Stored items
<<<<
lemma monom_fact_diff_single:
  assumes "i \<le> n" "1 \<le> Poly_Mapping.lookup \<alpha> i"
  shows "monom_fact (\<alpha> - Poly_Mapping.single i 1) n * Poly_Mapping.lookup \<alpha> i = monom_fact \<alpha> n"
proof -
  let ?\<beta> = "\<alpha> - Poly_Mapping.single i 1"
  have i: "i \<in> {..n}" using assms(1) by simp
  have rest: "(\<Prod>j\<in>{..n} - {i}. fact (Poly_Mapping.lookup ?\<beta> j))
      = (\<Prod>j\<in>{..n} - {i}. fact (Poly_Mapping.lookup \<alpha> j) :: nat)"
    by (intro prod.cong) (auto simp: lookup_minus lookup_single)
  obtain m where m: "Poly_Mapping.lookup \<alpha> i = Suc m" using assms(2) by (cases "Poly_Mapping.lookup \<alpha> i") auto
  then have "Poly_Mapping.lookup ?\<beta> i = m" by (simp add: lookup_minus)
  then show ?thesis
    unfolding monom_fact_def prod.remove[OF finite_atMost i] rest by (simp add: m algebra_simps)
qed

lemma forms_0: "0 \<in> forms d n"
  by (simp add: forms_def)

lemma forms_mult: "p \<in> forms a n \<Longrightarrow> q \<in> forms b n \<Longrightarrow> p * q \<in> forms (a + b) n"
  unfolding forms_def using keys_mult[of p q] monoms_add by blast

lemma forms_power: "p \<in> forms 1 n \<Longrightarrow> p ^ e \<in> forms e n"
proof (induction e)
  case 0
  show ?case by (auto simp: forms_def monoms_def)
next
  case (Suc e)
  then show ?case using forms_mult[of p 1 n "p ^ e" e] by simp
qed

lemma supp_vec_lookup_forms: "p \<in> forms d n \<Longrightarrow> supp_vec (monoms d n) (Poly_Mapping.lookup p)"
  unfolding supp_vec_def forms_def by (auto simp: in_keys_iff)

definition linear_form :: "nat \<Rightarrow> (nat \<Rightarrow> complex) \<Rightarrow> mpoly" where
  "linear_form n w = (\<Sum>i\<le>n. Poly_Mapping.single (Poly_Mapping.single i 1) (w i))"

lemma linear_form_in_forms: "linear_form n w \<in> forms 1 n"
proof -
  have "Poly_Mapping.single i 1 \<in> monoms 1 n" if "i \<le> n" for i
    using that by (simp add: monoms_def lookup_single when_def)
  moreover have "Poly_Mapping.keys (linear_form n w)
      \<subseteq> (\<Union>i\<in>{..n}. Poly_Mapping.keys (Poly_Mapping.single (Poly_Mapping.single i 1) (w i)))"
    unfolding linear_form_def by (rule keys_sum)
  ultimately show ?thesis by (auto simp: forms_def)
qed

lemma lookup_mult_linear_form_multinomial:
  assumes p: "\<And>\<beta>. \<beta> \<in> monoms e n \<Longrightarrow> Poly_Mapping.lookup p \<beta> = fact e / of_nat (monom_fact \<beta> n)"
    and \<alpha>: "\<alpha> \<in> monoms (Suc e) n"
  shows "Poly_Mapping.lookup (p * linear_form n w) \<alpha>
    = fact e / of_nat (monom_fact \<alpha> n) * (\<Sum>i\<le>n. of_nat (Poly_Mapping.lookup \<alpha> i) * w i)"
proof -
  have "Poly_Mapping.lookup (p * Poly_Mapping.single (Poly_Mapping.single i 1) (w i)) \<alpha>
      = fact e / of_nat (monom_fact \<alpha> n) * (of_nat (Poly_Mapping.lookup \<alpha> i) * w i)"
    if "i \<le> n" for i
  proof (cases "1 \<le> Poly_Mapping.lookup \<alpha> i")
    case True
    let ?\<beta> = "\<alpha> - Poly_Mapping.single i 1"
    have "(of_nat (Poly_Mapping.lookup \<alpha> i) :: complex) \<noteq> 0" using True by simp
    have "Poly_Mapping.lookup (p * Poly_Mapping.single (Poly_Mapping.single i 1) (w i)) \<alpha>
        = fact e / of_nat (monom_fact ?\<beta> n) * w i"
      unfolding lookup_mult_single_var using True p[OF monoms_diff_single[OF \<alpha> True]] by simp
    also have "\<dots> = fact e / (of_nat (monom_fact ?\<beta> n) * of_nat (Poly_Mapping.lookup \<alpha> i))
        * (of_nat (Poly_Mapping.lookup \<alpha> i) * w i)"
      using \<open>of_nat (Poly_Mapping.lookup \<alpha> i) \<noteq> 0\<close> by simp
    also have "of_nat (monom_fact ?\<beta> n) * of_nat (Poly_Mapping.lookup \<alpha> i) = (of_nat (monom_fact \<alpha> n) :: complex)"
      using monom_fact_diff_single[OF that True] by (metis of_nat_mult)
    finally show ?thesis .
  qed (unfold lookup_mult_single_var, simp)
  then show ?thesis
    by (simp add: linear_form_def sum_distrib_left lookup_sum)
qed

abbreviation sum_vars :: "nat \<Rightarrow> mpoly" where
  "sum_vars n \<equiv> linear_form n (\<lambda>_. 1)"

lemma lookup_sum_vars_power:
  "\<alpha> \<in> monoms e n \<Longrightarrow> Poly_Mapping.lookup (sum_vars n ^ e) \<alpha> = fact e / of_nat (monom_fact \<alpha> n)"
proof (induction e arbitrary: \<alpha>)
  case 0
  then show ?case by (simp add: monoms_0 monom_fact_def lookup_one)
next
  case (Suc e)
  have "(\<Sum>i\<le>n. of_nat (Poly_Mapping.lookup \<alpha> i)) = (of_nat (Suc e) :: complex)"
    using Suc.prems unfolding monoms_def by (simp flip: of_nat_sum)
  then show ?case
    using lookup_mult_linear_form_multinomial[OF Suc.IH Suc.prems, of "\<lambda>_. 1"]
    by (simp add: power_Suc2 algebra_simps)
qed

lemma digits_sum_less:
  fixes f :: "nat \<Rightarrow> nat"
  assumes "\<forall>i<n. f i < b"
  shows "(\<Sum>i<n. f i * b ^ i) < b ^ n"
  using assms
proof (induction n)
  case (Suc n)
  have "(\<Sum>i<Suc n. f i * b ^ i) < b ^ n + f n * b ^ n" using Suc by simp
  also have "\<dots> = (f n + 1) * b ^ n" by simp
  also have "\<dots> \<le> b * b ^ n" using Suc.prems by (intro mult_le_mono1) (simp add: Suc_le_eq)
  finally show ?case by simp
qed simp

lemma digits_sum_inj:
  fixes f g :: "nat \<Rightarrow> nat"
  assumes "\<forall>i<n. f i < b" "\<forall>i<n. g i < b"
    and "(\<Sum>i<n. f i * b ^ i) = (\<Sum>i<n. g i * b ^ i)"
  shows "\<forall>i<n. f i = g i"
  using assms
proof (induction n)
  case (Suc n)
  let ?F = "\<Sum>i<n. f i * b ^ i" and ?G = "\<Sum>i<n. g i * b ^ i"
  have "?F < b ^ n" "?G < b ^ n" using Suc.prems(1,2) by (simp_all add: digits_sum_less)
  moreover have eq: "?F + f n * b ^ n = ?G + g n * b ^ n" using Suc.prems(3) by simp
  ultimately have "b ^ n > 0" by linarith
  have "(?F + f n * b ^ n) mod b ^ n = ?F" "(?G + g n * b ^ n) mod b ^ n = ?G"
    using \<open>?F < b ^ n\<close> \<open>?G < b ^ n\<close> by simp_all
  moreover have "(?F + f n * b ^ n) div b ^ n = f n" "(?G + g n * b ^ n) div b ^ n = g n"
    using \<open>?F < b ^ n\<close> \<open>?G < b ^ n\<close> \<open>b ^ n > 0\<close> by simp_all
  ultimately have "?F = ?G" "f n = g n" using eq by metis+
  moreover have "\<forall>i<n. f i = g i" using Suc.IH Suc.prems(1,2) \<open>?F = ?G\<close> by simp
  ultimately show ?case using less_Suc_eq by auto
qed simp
>>>>
<<<<
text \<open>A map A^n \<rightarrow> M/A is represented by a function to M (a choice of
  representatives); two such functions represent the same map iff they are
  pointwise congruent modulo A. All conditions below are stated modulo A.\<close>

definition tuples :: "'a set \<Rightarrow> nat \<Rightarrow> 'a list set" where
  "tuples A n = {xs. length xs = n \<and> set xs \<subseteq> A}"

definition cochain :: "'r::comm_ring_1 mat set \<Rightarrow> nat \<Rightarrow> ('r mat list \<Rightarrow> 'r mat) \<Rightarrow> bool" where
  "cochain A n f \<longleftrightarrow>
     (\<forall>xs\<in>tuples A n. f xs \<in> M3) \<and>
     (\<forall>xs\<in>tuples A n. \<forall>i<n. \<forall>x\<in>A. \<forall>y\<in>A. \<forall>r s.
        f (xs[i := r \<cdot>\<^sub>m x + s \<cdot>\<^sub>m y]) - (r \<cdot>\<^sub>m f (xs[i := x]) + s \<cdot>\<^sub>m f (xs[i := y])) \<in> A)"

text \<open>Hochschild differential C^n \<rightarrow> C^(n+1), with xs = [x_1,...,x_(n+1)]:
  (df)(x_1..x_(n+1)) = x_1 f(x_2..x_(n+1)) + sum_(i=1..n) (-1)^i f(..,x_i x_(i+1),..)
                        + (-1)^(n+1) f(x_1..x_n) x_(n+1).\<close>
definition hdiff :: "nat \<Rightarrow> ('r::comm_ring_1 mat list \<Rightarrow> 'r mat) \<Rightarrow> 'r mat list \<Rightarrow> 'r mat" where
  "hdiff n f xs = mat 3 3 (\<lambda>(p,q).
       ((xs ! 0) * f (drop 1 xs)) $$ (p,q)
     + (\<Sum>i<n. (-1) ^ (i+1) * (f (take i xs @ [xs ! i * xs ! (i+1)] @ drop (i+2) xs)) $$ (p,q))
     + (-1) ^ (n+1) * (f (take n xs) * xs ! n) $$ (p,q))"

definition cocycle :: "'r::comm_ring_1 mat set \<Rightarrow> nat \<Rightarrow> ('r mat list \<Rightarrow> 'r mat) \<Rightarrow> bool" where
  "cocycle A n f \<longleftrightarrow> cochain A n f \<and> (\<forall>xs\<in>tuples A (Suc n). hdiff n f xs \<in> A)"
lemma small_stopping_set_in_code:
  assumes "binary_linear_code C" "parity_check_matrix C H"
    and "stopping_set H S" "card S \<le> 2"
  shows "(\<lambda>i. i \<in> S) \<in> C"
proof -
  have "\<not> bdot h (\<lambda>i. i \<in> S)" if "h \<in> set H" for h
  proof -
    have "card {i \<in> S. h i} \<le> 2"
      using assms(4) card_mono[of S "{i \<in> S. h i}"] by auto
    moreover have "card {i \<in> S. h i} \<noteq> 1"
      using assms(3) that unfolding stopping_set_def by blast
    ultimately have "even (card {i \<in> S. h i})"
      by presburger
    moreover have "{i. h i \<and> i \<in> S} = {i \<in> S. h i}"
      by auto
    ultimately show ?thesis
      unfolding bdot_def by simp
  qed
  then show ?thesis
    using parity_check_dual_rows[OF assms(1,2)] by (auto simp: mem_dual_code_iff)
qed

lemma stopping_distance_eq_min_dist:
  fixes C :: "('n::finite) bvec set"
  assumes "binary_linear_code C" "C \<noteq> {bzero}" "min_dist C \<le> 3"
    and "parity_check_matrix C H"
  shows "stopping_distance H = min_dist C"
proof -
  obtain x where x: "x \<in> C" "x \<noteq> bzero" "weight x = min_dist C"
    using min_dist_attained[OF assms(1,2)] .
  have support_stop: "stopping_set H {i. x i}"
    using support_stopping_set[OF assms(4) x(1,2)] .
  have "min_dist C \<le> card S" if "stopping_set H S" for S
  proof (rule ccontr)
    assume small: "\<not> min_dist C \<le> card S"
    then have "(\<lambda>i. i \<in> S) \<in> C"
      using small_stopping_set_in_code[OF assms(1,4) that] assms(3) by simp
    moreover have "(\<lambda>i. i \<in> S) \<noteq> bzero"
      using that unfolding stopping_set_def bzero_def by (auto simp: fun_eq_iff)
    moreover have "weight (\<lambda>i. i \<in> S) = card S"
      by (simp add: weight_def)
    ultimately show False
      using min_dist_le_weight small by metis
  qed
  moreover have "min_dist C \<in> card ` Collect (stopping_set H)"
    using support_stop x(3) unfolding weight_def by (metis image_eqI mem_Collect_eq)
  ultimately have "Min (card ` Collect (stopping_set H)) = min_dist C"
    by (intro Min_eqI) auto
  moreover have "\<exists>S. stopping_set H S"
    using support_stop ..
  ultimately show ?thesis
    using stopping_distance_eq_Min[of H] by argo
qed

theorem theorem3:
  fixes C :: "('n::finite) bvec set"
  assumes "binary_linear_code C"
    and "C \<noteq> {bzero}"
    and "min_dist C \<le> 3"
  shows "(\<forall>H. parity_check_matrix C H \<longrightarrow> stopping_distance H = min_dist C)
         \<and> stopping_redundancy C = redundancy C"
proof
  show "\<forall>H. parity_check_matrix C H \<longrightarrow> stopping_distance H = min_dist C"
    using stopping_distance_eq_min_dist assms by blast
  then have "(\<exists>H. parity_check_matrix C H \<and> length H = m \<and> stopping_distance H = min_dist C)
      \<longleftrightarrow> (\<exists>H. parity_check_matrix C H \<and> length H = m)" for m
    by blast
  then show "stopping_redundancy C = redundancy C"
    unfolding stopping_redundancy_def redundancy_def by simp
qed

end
>>>>
In the records above, which lines hold the string "hdiff"? Copy each one.

definition hdiff :: "nat \<Rightarrow> ('r::comm_ring_1 mat list \<Rightarrow> 'r mat) \<Rightarrow> 'r mat list \<Rightarrow> 'r mat" where
  "hdiff n f xs = mat 3 3 (\<lambda>(p,q).
  "cocycle A n f \<longleftrightarrow> cochain A n f \<and> (\<forall>xs\<in>tuples A (Suc n). hdiff n f xs \<in> A)"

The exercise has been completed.